Invention Title:

REAL-TIME EXTRACTION OF HUMAN POSES FROM VIDEO FOR ANIMATION OF AVATARS

Publication number:

US20250069259

Publication date:
Section:

Physics

Class:

G06T7/73

Inventors:

Assignee:

Applicant:

Smart overview of the Invention

The patent application details a method for extracting human poses from video data to animate avatars in real-time. This approach involves obtaining input video frames that capture a person's movements, detecting keypoints in these frames, and determining corresponding 3D body poses. The process utilizes a spatial-temporal transformer to encode spatial and temporal dimensions separately, enhancing the accuracy of joint angles and movement depiction.

Technical Background

Creating high-quality animations traditionally involves time-consuming manual work or expensive motion capture setups. While machine learning offers alternatives by deriving motion from video images, existing techniques often result in low-quality animations and require significant computational resources. The described method aims to address these challenges by providing real-time output with improved pose accuracy.

Methodology

The method detects keypoints in video frames and uses a spatial-temporal transformer to determine 3D poses by encoding spatial and temporal inputs separately. It outputs 6D circular representations of joint angles, which are converted into 3D angles. This process includes predicting global translation in 3D world coordinates, potentially using a second transformer for enhanced accuracy.

Additional Features

To improve animation quality, the method incorporates a smoothing filter with an optimization solver to minimize jitters in the pose sequence. The filter reduces acceleration errors of keypoints, employing techniques like the alternating direction method of multipliers (ADMM) solver for optimization. This ensures smoother transitions and realistic animations.
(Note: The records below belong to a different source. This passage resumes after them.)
(* There exist universal constants $c_2, c_3 > 0$ such that the following holds. Let $n \ge 2$, $L, \nu, D > 0$, and let $K \ge 1$ be an integer; set $\mu := \frac{L^{1/3}\nu^{2/3}}{D^{2/3}n^{1/3}K^{2/3}}$ and suppose $$K \ge c_3\max\left\{\frac{L^2D^2n}{\nu^2},\ \frac{\nu}{\mu D n^{1/2}}\right\}.$$ Then there exist a $2$-dimensional function $F \in \mathcal{F}(L,0,0,\nu)$ (with $n$ components) with a minimizer $\mathbf{x}^*$ and an initialization point $\mathbf{x}_0^1$ with $\|\mathbf{x}_0^1 - \mathbf{x}^*\| = D$ such that for any constant step size $0 < \eta \le \frac{1}{c_2Ln}$ and any nonnegative weights $\alpha_1,\dots,\alpha_{K+1}$ (not all zero), the weighted average iterate $\hat{\mathbf{x}} = \frac{\sum_{k=1}^{K+1}\alpha_k\mathbf{x}_0^k}{\sum_{k=1}^{K+1}\alpha_k}$ of SGD-RR satisfies $$\mathbb{E}\left[F(\hat{\mathbf{x}}) - F^*\right] = \Omega\left(\frac{L^{1/3}\nu^{2/3}D^{4/3}}{n^{1/3}K^{2/3}}\right).$$
   Context: Finite-sum problem: $F(\mathbf{x}) = \frac1n\sum_{i=1}^n f_i(\mathbf{x})$ on $\mathbb{R}^d$, $F^* = \inf F$. $\mathcal{F}(L,\mu,\tau,\nu)$: all such $F$ with each $f_i$ $L$-smooth and convex, $F$ $\mu$-strongly convex ($\mu = 0$ meaning convex), and $\|\nabla f_i(\mathbf{x}) - \nabla F(\mathbf{x})\| \le \tau\|\nabla F(\mathbf{x})\| + \nu$ for all $i,\mathbf{x}$. SGD-RR with constant step size $\eta$: in each epoch $k=1,\dots,K$ a uniformly random permutation $\sigma_k$ of $[n]$ is drawn independently, $\mathbf{x}_i^k = \mathbf{x}_{i-1}^k - \eta\nabla f_{\sigma_k(i)}(\mathbf{x}_{i-1}^k)$, $\mathbf{x}_0^{k+1} = \mathbf{x}_n^k$. $\Omega(g)$ means at least a universal positive constant times $g$. *)

theory Defs
  imports "HOL-Analysis.Analysis"
begin

definition grad :: "('a::real_inner \<Rightarrow> real) \<Rightarrow> 'a \<Rightarrow> 'a" where
  "grad f x = (SOME g. (f has_derivative (\<lambda>h. g \<bullet> h)) (at x))"

definition smooth :: "real \<Rightarrow> ('a::real_inner \<Rightarrow> real) \<Rightarrow> bool" where
  "smooth L f \<longleftrightarrow> (\<forall>x. f differentiable (at x)) \<and>
     (\<forall>x y. norm (grad f x - grad f y) \<le> L * norm (x - y))"

definition strongly_convex :: "real \<Rightarrow> ('a::real_inner \<Rightarrow> real) \<Rightarrow> bool" where
  "strongly_convex \<mu> f \<longleftrightarrow> convex_on UNIV (\<lambda>x. f x - \<mu> / 2 * (norm x)\<^sup>2)"

definition Fsum :: "nat \<Rightarrow> (nat \<Rightarrow> 'a \<Rightarrow> real) \<Rightarrow> 'a \<Rightarrow> real" where
  "Fsum n f x = (\<Sum>i<n. f i x) / real n"

definition fclass :: "nat \<Rightarrow> real \<Rightarrow> real \<Rightarrow> real \<Rightarrow> real \<Rightarrow> (nat \<Rightarrow> 'a::real_inner \<Rightarrow> real) \<Rightarrow> bool" where
  "fclass n L \<mu> \<tau> \<nu> f \<longleftrightarrow>
     (\<forall>i<n. smooth L (f i) \<and> convex_on UNIV (f i)) \<and>
     strongly_convex \<mu> (Fsum n f) \<and>
     (\<forall>i<n. \<forall>x. norm (grad (f i) x - grad (Fsum n f) x) \<le> \<tau> * norm (grad (Fsum n f) x) + \<nu>)"

primrec inner_iter :: "(nat \<Rightarrow> 'a::real_inner \<Rightarrow> real) \<Rightarrow> real \<Rightarrow> (nat \<Rightarrow> nat) \<Rightarrow> 'a \<Rightarrow> nat \<Rightarrow> 'a" where
  "inner_iter f \<eta> \<sigma> x 0 = x"
| "inner_iter f \<eta> \<sigma> x (Suc i) =
     inner_iter f \<eta> \<sigma> x i - \<eta> *\<^sub>R grad (f (\<sigma> i)) (inner_iter f \<eta> \<sigma> x i)"

text \<open>epoch_start n f eta s x0 k = x_0^(k+1), where s k is the permutation of epoch k (k >= 1).\<close>
primrec epoch_start :: "nat \<Rightarrow> (nat \<Rightarrow> 'a::real_inner \<Rightarrow> real) \<Rightarrow> real \<Rightarrow> (nat \<Rightarrow> nat \<Rightarrow> nat) \<Rightarrow> 'a \<Rightarrow> nat \<Rightarrow> 'a" where
  "epoch_start n f \<eta> s x0 0 = x0"
| "epoch_start n f \<eta> s x0 (Suc k) = inner_iter f \<eta> (s (Suc k)) (epoch_start n f \<eta> s x0 k) n"

definition avg_iterate :: "nat \<Rightarrow> (nat \<Rightarrow> 'a::real_inner \<Rightarrow> real) \<Rightarrow> real \<Rightarrow> (nat \<Rightarrow> nat \<Rightarrow> nat) \<Rightarrow> 'a \<Rightarrow> nat \<Rightarrow> (nat \<Rightarrow> real) \<Rightarrow> 'a" where
  "avg_iterate n f \<eta> s x0 K \<alpha> =
     (1 / (\<Sum>k\<in>{1..K+1}. \<alpha> k)) *\<^sub>R (\<Sum>k\<in>{1..K+1}. \<alpha> k *\<^sub>R epoch_start n f \<eta> s x0 (k - 1))"

text \<open>Sample space: K independent uniformly random permutations sigma_1..sigma_K of {0..<n}.\<close>
definition perm_seqs :: "nat \<Rightarrow> nat \<Rightarrow> (nat \<Rightarrow> nat \<Rightarrow> nat) set" where
  "perm_seqs n K = PiE {1..K} (\<lambda>_. {\<sigma>. \<sigma> permutes {..<n}})"

definition expect_rr :: "nat \<Rightarrow> nat \<Rightarrow> ((nat \<Rightarrow> nat \<Rightarrow> nat) \<Rightarrow> real) \<Rightarrow> real" where
  "expect_rr n K X = (\<Sum>s\<in>perm_seqs n K. X s) / real (card (perm_seqs n K))"

end

theory Submission
  imports Defs
begin

text \<open>The hard instance is \<open>F x = \<mu>/2 * x\<^sub>1^2 + G x\<^sub>2\<close>, where \<open>G t\<close> is \<open>L/4 * t^2\<close> for
  \<open>t \<ge> 0\<close> and \<open>L/2 * t^2\<close> for \<open>t < 0\<close>, split into the components \<open>F x + b\<^sub>k * x\<^sub>2\<close> whose
  offsets \<open>b\<^sub>k\<close> are \<open>\<nu>\<close> on \<open>m = n div 2\<close> indices, \<open>-\<nu>\<close> on their \<open>m\<close> partners and \<open>0\<close>
  otherwise. The first coordinate contracts deterministically by \<open>(1 - \<eta> \<mu>)^n\<close> per epoch.
  On the second coordinate the offsets cancel over an epoch, but within an epoch the iterate
  moves by \<open>\<eta>\<close> times the prefix sums of the shuffled offsets, and since \<open>G\<close> is steeper on the
  negative side this wandering pushes the iterate upwards, in proportion to the absolute prefix
  sums. Swapping partners turns the prefix sums into Rademacher sums, whose absolute values
  Khintchine's inequality bounds below through their variance, i.e. through the distances
  between the positions of partners, which are of order \<open>n\<close> on average. Each epoch thus gains
  \<open>\<Omega>(\<eta>^2 L \<nu> n^(3/2))\<close> against a contraction by \<open>1 - \<Theta>(\<eta> L n)\<close>, so after
  \<open>\<Omega>(1/(\<eta> L n))\<close> epochs the expected second coordinate is \<open>\<Omega>(\<eta> \<nu> sqrt n)\<close>. Either the
  step size is below \<open>1/(\<mu> n K)\<close>, and the first coordinate keeps \<open>F\<close> at \<open>\<Omega>(\<mu> D^2)\<close>, or it
  is larger, and the second coordinate contributes \<open>\<Omega>(L \<eta>^2 \<nu>^2 n)\<close>; the choice of \<open>\<mu>\<close>
  makes both bounds \<open>\<Omega>(\<mu> D^2)\<close>.\<close>

section \<open>A quadratic with a kink at zero\<close>

definition kinked_quad :: "real \<Rightarrow> real \<Rightarrow> real" where
  "kinked_quad L t = 3/8 * L * t^2 - L/8 * (t * \<bar>t\<bar>)"

definition kinked_quad_deriv :: "real \<Rightarrow> real \<Rightarrow> real" where
  "kinked_quad_deriv L t = 3/4 * L * t - L/4 * \<bar>t\<bar>"

lemma kinked_quad_eq: "kinked_quad L t = (if t \<ge> 0 then L/4 * t^2 else L/2 * t^2)"
  unfolding kinked_quad_def by (auto simp: power2_eq_square)

lemma kinked_quad_deriv_eq: "kinked_quad_deriv L t = (if t \<ge> 0 then L/2 * t else L * t)"
  unfolding kinked_quad_deriv_def by (auto simp: algebra_simps)

lemma uminus_kinked_quad_deriv: "- kinked_quad_deriv L t = L/2 * max (- t) 0 - L/2 * t"
  unfolding kinked_quad_deriv_eq by auto

lemma abs_kinked_quad_deriv_le: "L \<ge> 0 \<Longrightarrow> \<bar>kinked_quad_deriv L t\<bar> \<le> L * \<bar>t\<bar>"
  unfolding kinked_quad_deriv_eq by (auto simp: abs_mult)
Applications and Implementations

The system can be applied to virtual environments where avatars mirror human movements captured in video data. It includes processors and memory with software instructions for obtaining video input, detecting keypoints, and determining 3D poses. The approach is adaptable to various devices and non-transitory computer-readable media, offering flexibility in integrating with existing systems.